What will you learn in this article?
- A new perspective on why allergies are increasing
- Urban smog: Why is pollen more dangerous in cities?
- The role of the microbiome and the gut–nose axis
- Probiotic intervention
- How to better prepare for pollen season
- Key takeaways
A new perspective on why allergies are increasing
The increase in allergy prevalence cannot be explained by genetic factors alone but rather reflects a combination of modern influences, with changes in the environment playing a key role. Studies from 2024 and 2025 provide deeper insight into how climate change and urbanization increase the aggressiveness of pollen allergens.

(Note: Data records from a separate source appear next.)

lemma odd_closed_walk_steps_1_3:
  fixes q :: "nat \<Rightarrow> nat"
  assumes "odd m" "S \<subseteq> {..<m}" "q m = q 0"
    and "\<And>i. i < m \<Longrightarrow> q (Suc i) mod m = (q i + (1 + 2 * of_bool (i \<in> S))) mod m"
  shows "S = {} \<or> S = {..<m}"
proof -
  have "q m mod m = (q 0 + (\<Sum>i<m. 1 + 2 * of_bool (i \<in> S))) mod m"
    using assms(4) by (rule mod_telescope)
  moreover have "(\<Sum>i<m. 1 + 2 * of_bool (i \<in> S)) = m + 2 * card S"
  proof -
    have "{..<m} \<inter> {i. i \<in> S} = S" using assms(2) by blast
    then show ?thesis by (simp only: sum.distrib sum_distrib_left[symmetric]) simp
  qed
  ultimately have "q 0 mod m = (q 0 + 2 * card S) mod m"
    using assms(3) by (metis add.left_commute mod_add_self1)
  then have "m dvd 2 * card S" using mod_eq_dvd_iff_nat[of "q 0" "q 0 + 2 * card S" m] by simp
  then have "m dvd card S" using assms(1) by (simp add: coprime_dvd_mult_right_iff)
  moreover have "card S \<le> m" using assms(2) by (metis card_lessThan card_mono finite_lessThan)
  ultimately have "card S = 0 \<or> card S = m" by (metis dvd_imp_le le_antisym neq0_conv)
  then show ?thesis
    using assms(2) by (metis card_0_eq card_lessThan card_subset_eq finite_lessThan finite_subset)
qed

lemma dicycle_in_L_arcs_single_difference:
  assumes "odd m" "is_dicycle m C" "C \<subseteq> L_arcs m"
  shows "(\<forall>((u, a), (v, b))\<in>C. b = (a + 1) mod m) \<or> (\<forall>((u, a), (v, b))\<in>C. b = (a + 3) mod m)"
proof -
  obtain f where C: "C = {(f i, f (Suc i mod m)) | i. i < m}"
    using assms(2) unfolding is_dicycle_def by blast
  define q where "q i = snd (f (i mod m))" for i
  define S where "S = {i. i < m \<and> q (Suc i) \<noteq> (q i + 1) mod m}"
  have step: "q (Suc i) = (q i + 1) mod m \<or> q (Suc i) = (q i + 3) mod m" if "i < m" for i
  proof -
    have "(f i, f (Suc i mod m)) \<in> L_arcs m" using C assms(3) that by blast
    then show ?thesis using that unfolding L_arcs_def q_def by auto
  qed
  have "q (Suc i) mod m = (q i + (1 + 2 * of_bool (i \<in> S))) mod m" if "i < m" for i
  proof (cases "i \<in> S")
    case True
    then have "q (Suc i) = (q i + 3) mod m" using step[OF that] by (auto simp: S_def)
    with True show ?thesis by (simp add: numeral_3_eq_3)
  next
    case False
    then have "q (Suc i) = (q i + 1) mod m" using that by (simp add: S_def)
    with False show ?thesis by simp
  qed
  moreover have "S \<subseteq> {..<m}" "q m = q 0" by (auto simp: S_def q_def)
  ultimately have "S = {} \<or> S = {..<m}" using odd_closed_walk_steps_1_3[OF assms(1)] by blast
  moreover have arc: "\<exists>i<m. a = q i \<and> b = q (Suc i)" if arc_in_C: "((u, a), (v, b)) \<in> C" for u a v b
  proof -
    obtain i where "i < m" "f i = (u, a)" "f (Suc i mod m) = (v, b)" using arc_in_C by (auto simp: C)
    then show ?thesis unfolding q_def by (intro exI[of _ i]) auto
  qed
  ultimately show ?thesis
  proof (elim disjE)
    assume "S = {}"
    then have "b = (a + 1) mod m" if "((u, a), (v, b)) \<in> C" for u a v b
      using arc[OF that] unfolding S_def by blast
    then show ?thesis by blast
  next
    assume "S = {..<m}"
    then have "b = (a + 3) mod m" if "((u, a), (v, b)) \<in> C" for u a v b
      using arc[OF that] step unfolding S_def by blast
    then show ?thesis by blast
  qed
qed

Due to global warming, the pollen season starts earlier—already in mid-January in lowland areas (hazel and alder) and lasts longer. For the body, this means significantly less time for recovery after winter, while mucous membranes are exposed to irritants for several additional weeks.
Higher concentrations of carbon dioxide in the air also stimulate faster plant growth and more intense pollen production. [3] In invasive species such as ragweed (Ambrosia artemisiifolia), plants grown under higher temperatures and CO₂ levels have been shown to produce pollen with higher concentrations of the main allergen. A similar trend has been observed in birch. [4] [5]

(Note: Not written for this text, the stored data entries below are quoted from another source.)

lemma Phi_Psi_minus_id_boundary:
  assumes "nfree I M n" "s \<in> chains I C n"
  shows "\<Phi> n (\<Psi> n s) - s = d (h n s)"
proof -
  have "\<Phi> n (\<Psi> n s) - s = \<Psi> n s - s"
    using Phi_mchains_if_nfree[OF assms(1) Psi_in_mchains[OF assms(2)]] by simp
  also have "\<dots> = (\<Sum>\<alpha>\<in>I n. (\<Sum>\<beta>\<in>I n \<inter> U. \<Gamma> \<beta> \<alpha> (comp I C n \<alpha> s)) - comp I C n \<alpha> s)"
    unfolding Psi_def using sum_comp[OF assms(2)] by (simp add: sum_subtractf)
  also have "\<dots> = (\<Sum>\<alpha>\<in>I n. d (\<Sum>\<tau>\<in>I (Suc n). \<Gamma> \<tau> \<alpha> (comp I C n \<alpha> s)))"
    using boundary_homotopy_summand[OF assms(1) _ comp_in[OF assms(2)]] by simp
  also have "\<dots> = d (h n s)"
    unfolding morse_homotopy_def
    by (rule linear_on_sum[OF linear_on_d subspace_chains Gamma_column_in_chains[OF comp_in[OF assms(2)]],
        symmetric])
  finally show ?thesis .
qed

lemma Gamma_to_unmatched_if_nfree:
  assumes "nfree I M (Suc m)" "\<alpha> \<in> I m" "\<gamma> \<in> I m" "\<gamma> \<in> U" "x \<in> C \<alpha>"
  shows "\<Gamma> \<gamma> \<alpha> x = (if \<gamma> = \<alpha> then x else 0)"
proof -
  have "mstep I C d M \<delta> \<gamma> (\<Gamma> \<delta> \<alpha> x) = 0" if "(\<delta>, \<gamma>) \<in> E" for \<delta>
    using that
  proof (cases rule: medgesE)
    case (down k)
    then have "\<delta> \<in> I (Suc m)" using assms(3) level_unique by blast
    then have "\<Gamma> \<delta> \<alpha> x = 0"
      using unreachable_if_nfree[OF assms(1,2)] Gamma_eq_0_if_unreachable by blast
    then show ?thesis
      using mstep_linear[OF that] linear_on_0 subspace_0[OF subspace_summand] by metis
  next
    case (up k)
    then show ?thesis using assms(4) unmatched_iff by blast
  qed
  then show ?thesis using Gamma_last[OF assms(5), of \<gamma>] by auto
qed

lemma Psi_summand_if_nfree:
  assumes "nfree I M (Suc m)" "\<alpha> \<in> I m" "x \<in> C \<alpha>"
  shows "\<Psi> m x = (if \<alpha> \<in> U then x else 0)"
proof -
  have "\<Psi> m x = (\<Sum>\<gamma>\<in>I m \<inter> U. \<Gamma> \<gamma> \<alpha> x)"
    unfolding Psi_def using Gamma_sum_summand[OF assms(2,3)] assms(2) by simp
  also have "\<dots> = (\<Sum>\<gamma>\<in>I m \<inter> U. if \<gamma> = \<alpha> then x else 0)"
    using Gamma_to_unmatched_if_nfree[OF assms(1,2) _ _ assms(3)] by simp
  also have "\<dots> = (if \<alpha> \<in> U then x else 0)"
    using assms(2) finite_cells by simp
  finally show ?thesis .
qed

lemma Phi_unmatched_summand:
  assumes "\<alpha> \<in> I m" "\<alpha> \<in> U" "x \<in> C \<alpha>"
  shows "\<Phi> m x = (\<Sum>\<beta>\<in>I m. \<Gamma> \<beta> \<alpha> x)"
  unfolding Phi_def using Gamma_sum_summand[OF assms(1,3)] assms(1,2) by simp

lemma Gamma_boundary_upper_cell:
  assumes "\<alpha> \<in> I (Suc k)" "\<alpha> \<notin> Range M" "x \<in> C \<alpha>"
  shows "(\<Sum>\<nu>\<in>I k. \<Gamma> \<beta> \<nu> (blk I C d \<nu> \<alpha> x)) =
    \<Gamma> \<beta> \<alpha> x - (if \<alpha> = \<beta> then x else 0) + (\<Sum>\<nu>\<in>{\<nu> \<in> I k. (\<alpha>, \<nu>) \<in> M}. \<Gamma> \<beta> \<nu> (blk I C d \<nu> \<alpha> x))"
proof -
  let ?F = "\<lambda>\<nu>. \<Gamma> \<beta> \<nu> (blk I C d \<nu> \<alpha> x)"
  let ?T = "{\<nu> \<in> I k. (\<alpha>, \<nu>) \<in> edges I C d \<and> (\<alpha>, \<nu>) \<notin> M}"
  let ?M = "{\<nu> \<in> I k. (\<alpha>, \<nu>) \<in> M}"
  have out_neighbours: "{\<nu>. (\<alpha>, \<nu>) \<in> E} = ?T"
  proof (intro set_eqI iffI)
    fix \<nu> assume "\<nu> \<in> {\<nu>. (\<alpha>, \<nu>) \<in> E}"
    then have "(\<alpha>, \<nu>) \<in> E" by simp
    then show "\<nu> \<in> ?T"
    proof (cases rule: medgesE)
      case (down k')
      then show ?thesis using assms(1) level_unique by blast
    next
      case (up k')
      then show ?thesis using assms(2) by blast
    qed
  qed (auto simp: medges_def)
  have "mstep I C d M \<alpha> \<nu> = blk I C d \<nu> \<alpha>" for \<nu>
    using assms(2) by (intro mstep_down) blast
  then have "\<Gamma> \<beta> \<alpha> x - (if \<alpha> = \<beta> then x else 0) = sum ?F ?T"
    using Gamma_first[of \<beta> \<alpha> x] out_neighbours by simp
  moreover have "(\<Sum>\<nu>\<in>I k. ?F \<nu>) = sum ?F (?T \<union> ?M)"
  proof (rule sum.mono_neutral_right[OF finite_cells])
    show "\<forall>\<nu>\<in>I k - (?T \<union> ?M). ?F \<nu> = 0"
    proof
      fix \<nu> assume \<nu>: "\<nu> \<in> I k - (?T \<union> ?M)"
      then have "blk I C d \<nu> \<alpha> x = 0" using blk_eq_0_if_not_edge assms(1,3) by blast
      then show "?F \<nu> = 0" by (simp add: Gamma_0)
    qed
  qed auto
  moreover have "sum ?F (?T \<union> ?M) = sum ?F ?T + sum ?F ?M"
    by (rule sum.union_disjoint) (auto simp: finite_cells)
  ultimately show ?thesis by simp
qed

Urban smog: Why is pollen more dangerous in cities?
You might be surprised to learn that pollen behaves very differently in clean natural environments compared to city centers. Harmful substances in urban air (especially ozone and exhaust fumes) directly interact with pollen and transform it into an “aggressive aerosol.”
Under normal conditions, pollen grains are relatively large and are typically trapped in the upper respiratory tract (the nose). However, when pollen interacts with smog and humidity, the pollen grain structure is disrupted, releasing thousands of microscopic allergen-loaded particles into the air. These tiny particles can penetrate deeper into the bronchi and lungs, where they cause much stronger irritation. [6]
The role of the microbiome and the gut–nose axis
One of the most significant scientific breakthroughs of the past two years (2024–2025) is the confirmation of the role of the gut microbiome in the systemic modulation of allergic responses. This is closely linked to the state of the gut microbiota through the so-called gut–nose axis.
The key to understanding this connection lies in the metabolic activity of gut bacteria. In patients suffering from chronic allergies, dysbiosis is often observed, characterized by a critical deficiency of butyrate-producing bacteria (e.g., the genus Faecalibacterium).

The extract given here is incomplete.